For those who don't see the relation that I see: if $\alpha$ is the 'normal' function and $\beta$ is the derivative, then you 'get': $$\sin \cdot D\cos + \cos \cdot D\sin$$ And thus if we name sine $f$ and cosine $g$, we 'get': $$f \cdot Dg + g \cdot Df$$
Of course, I write 'get' but I know you can't do this like that, or can you? That's exactly my question: is there any relation between those two rules/equations stated the top? Or is this some weird thought in my brain?

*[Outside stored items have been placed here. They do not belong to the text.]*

lemma integral_power_exp_neg_powr_eq:
  fixes m Q t :: real and n :: nat
  assumes m: "m > 0" and Q: "Q > 0" and t: "t > 0"
  defines "z \<equiv> (n + 1) / Q"
  shows "integral {0..t} (\<lambda>u. u ^ n * exp (- m * u powr Q)) =
         integral {0..m * t powr Q} (\<lambda>v. v powr (z - 1) / exp v) / (Q * m powr z)"
proof -
  \<comment> \<open>Substitute u = (v/m)^(1/Q) on [0, m t^Q]; in this direction the integrand that must be
    continuous is u^n exp (- m u^Q), whereas v^(z-1) is unbounded at 0 when z < 1.\<close>
  define f where "f = (\<lambda>u::real. u ^ n * exp (- m * u powr Q))"
  define \<Gamma>\<^sub>z where "\<Gamma>\<^sub>z = (\<lambda>v::real. v powr (z - 1) / exp v)"
  define b where "b = m * t powr Q"
  define g where "g = (\<lambda>v::real. (v / m) powr (1 / Q))"
  define g' where "g' = (\<lambda>v::real. (1 / Q) * (v / m) powr (1 / Q - 1) / m)"
  have b: "b > 0" using t m by (simp add: b_def)
  have g_ends: "g 0 = 0" "g b = t" using t m Q by (simp_all add: g_def b_def powr_powr)
  have "g v \<le> g b" if "0 \<le> v" "v \<le> b" for v
    unfolding g_def using that m Q by (intro powr_mono2) (auto simp: divide_right_mono)
  then have g_range: "g ` {0..b} \<subseteq> {0..t}"
    using g_ends by (auto simp: g_def)
  have f_cont: "continuous_on {0..t} f"
    unfolding f_def using Q by (intro continuous_intros continuous_on_powr'; auto)
  have g_cont: "continuous_on {0..b} g"
    unfolding g_def using Q m by (intro continuous_on_powr' continuous_intros; auto)
  have g_deriv: "(g has_field_derivative g' v) (at v within {0..b})" if "v \<in> {0..b} - {0}" for v
  proof -
    have "(g has_field_derivative g' v) (at v)"
      unfolding g_def g'_def using that m by (auto intro!: derivative_eq_intros simp: powr_diff)
    then show ?thesis by (rule has_field_derivative_at_within)
  qed
  have "((\<lambda>v. g' v *\<^sub>R f (g v)) has_integral
      (integral {g 0..g b} f - integral {g b..g 0} f)) {0..b}"
    by (rule has_integral_substitution_general[where s = "{0}", OF _ _ g_range f_cont g_cont g_deriv])
       (use b in auto)
  then have subst: "((\<lambda>v. g' v *\<^sub>R f (g v)) has_integral integral {0..t} f) {0..b}"
    using t by (simp add: g_ends)
  have "g' v *\<^sub>R f (g v) = \<Gamma>\<^sub>z v / (Q * m powr z)" if "v \<in> {0..b} - {0}" for v
  proof -
    have v: "v > 0" using that by auto
    have z: "1 / Q - 1 + n / Q = z - 1"
      using Q by (simp add: z_def field_simps)
    have "f (g v) = (v / m) powr (n / Q) * exp (- v)"
      using v m Q by (simp add: f_def g_def powr_powr mult.commute flip: powr_realpow)
    then have "g' v *\<^sub>R f (g v) =
        1 / Q * (1 / m) * ((v / m) powr (1 / Q - 1) * (v / m) powr (n / Q)) * exp (- v)"
      by (simp add: g'_def)
    also have "(v / m) powr (1 / Q - 1) * (v / m) powr (n / Q) = (v / m) powr (z - 1)"
      by (simp only: z powr_add[symmetric])
    also have "(v / m) powr (z - 1) = v powr (z - 1) / m powr (z - 1)"
      using v m by (simp add: powr_divide)
    also have "exp (- v) = 1 / exp v"
      by (simp add: exp_minus inverse_eq_divide)
    also have "m powr (z - 1) = m powr z / m"
      using m by (simp add: powr_diff)
    finally show ?thesis
      using m by (simp add: \<Gamma>\<^sub>z_def)
  qed
  then have "((\<lambda>v. \<Gamma>\<^sub>z v / (Q * m powr z)) has_integral integral {0..t} f) {0..b}"
    by (intro has_integral_spike_finite[where S = "{0}", OF _ _ subst]) auto
  moreover have "((\<lambda>v. \<Gamma>\<^sub>z v / (Q * m powr z)) has_integral integral {0..b} \<Gamma>\<^sub>z / (Q * m powr z)) {0..b}"
  proof -
    have "\<Gamma>\<^sub>z integrable_on {0..b}"
      unfolding \<Gamma>\<^sub>z_def using Q
      by (intro integrable_on_subinterval[OF has_integral_integrable[OF Gamma_integral_real]])
         (auto simp: z_def)
    then show ?thesis by (intro has_integral_divide integrable_integral)
  qed
  ultimately show ?thesis
    by (simp add: f_def \<Gamma>\<^sub>z_def b_def has_integral_unique)
qed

Thanks in advance!
 A: The closest connection I could find is (inspired by Dave's comment) the use of product rule in proving Euler's formula, and Euler's formula's connection to this trig identity.
Euler's formula, $e^{ix} = \cos x + i\sin x$, can be proved with the following:
Given a function $f(x) = e^{-ix}(\cos x + i\sin x)$, it can be shown that $f(x)$ is a constant for every real $x$ by taking its derivative using product rule...
$$f'(x) = e^{-ix}(i\cos x - \sin x)-ie^{-ix}(\cos x + i \sin x)$$
which equals $0$ for every real $x$. Knowing $f(x)$ is a constant and that $f(0) = 1$, then $f(x) = 1$ for every other real value of $x$. Algebraically this allows the following...
$$1 =  e^{-ix}(\cos x + i\sin x)$$
$$e^{ix} = \cos x + i\sin x$$
which is Euler's formula.
From here, one can prove the angle sum formula for both $\sin$ and $\cos$.
$$e^{ia} = \cos a + i\sin a$$
$$e^{ib} = \cos b + i\sin b$$
$$e^{ia}e^{ib}=(\cos a + i\sin a)(\cos b + i\sin b) = (\cos a \cos b - \sin a \sin b) + i(\cos a \sin b + \sin a \cos b)$$
$$e^{ia}e^{ib} = e^{i(a+b)}$$
However, if we apply $(a+b)$ as an argument directly into Euler's formula we yield this...
$$e^{i(a+b)} = \cos (a+b) + i\sin(a+b)$$
Thefore...
$$\cos (a+b) + i\sin(a+b) = (\cos a \cos b - \sin a \sin b) + i(\cos a \sin b + \sin a \cos b)$$
...and due to the fact that these are both equivalent complex numbers in the form $a+bi$, we know that the $a$ and $b$ components of these 2 numbers must be equivalent, which gives us our angle sum identities.
$$\cos (a+b) = \cos a \cos b - \sin a \sin b$$
$$\sin(a+b) = \cos a \sin b + \sin a \cos b$$
Now in all honesty, this seems like a far fetched connection, but perhaps there is something there. What discourages me from thinking there is a valuable or true connection is the fact that this also yields the $\cos (a+b)$ identity, which resembles product rule a lot less.
Regardless, this is what came to mind when reading your question. Hopefully it provides some fun insight or perhaps inspires someone else to make a fuller connection!
A: One connection is if you set $\alpha=\beta=x$, you get that $\sin(2x)$ is the derivative of $\sin^2(x)$, which is easy to verify.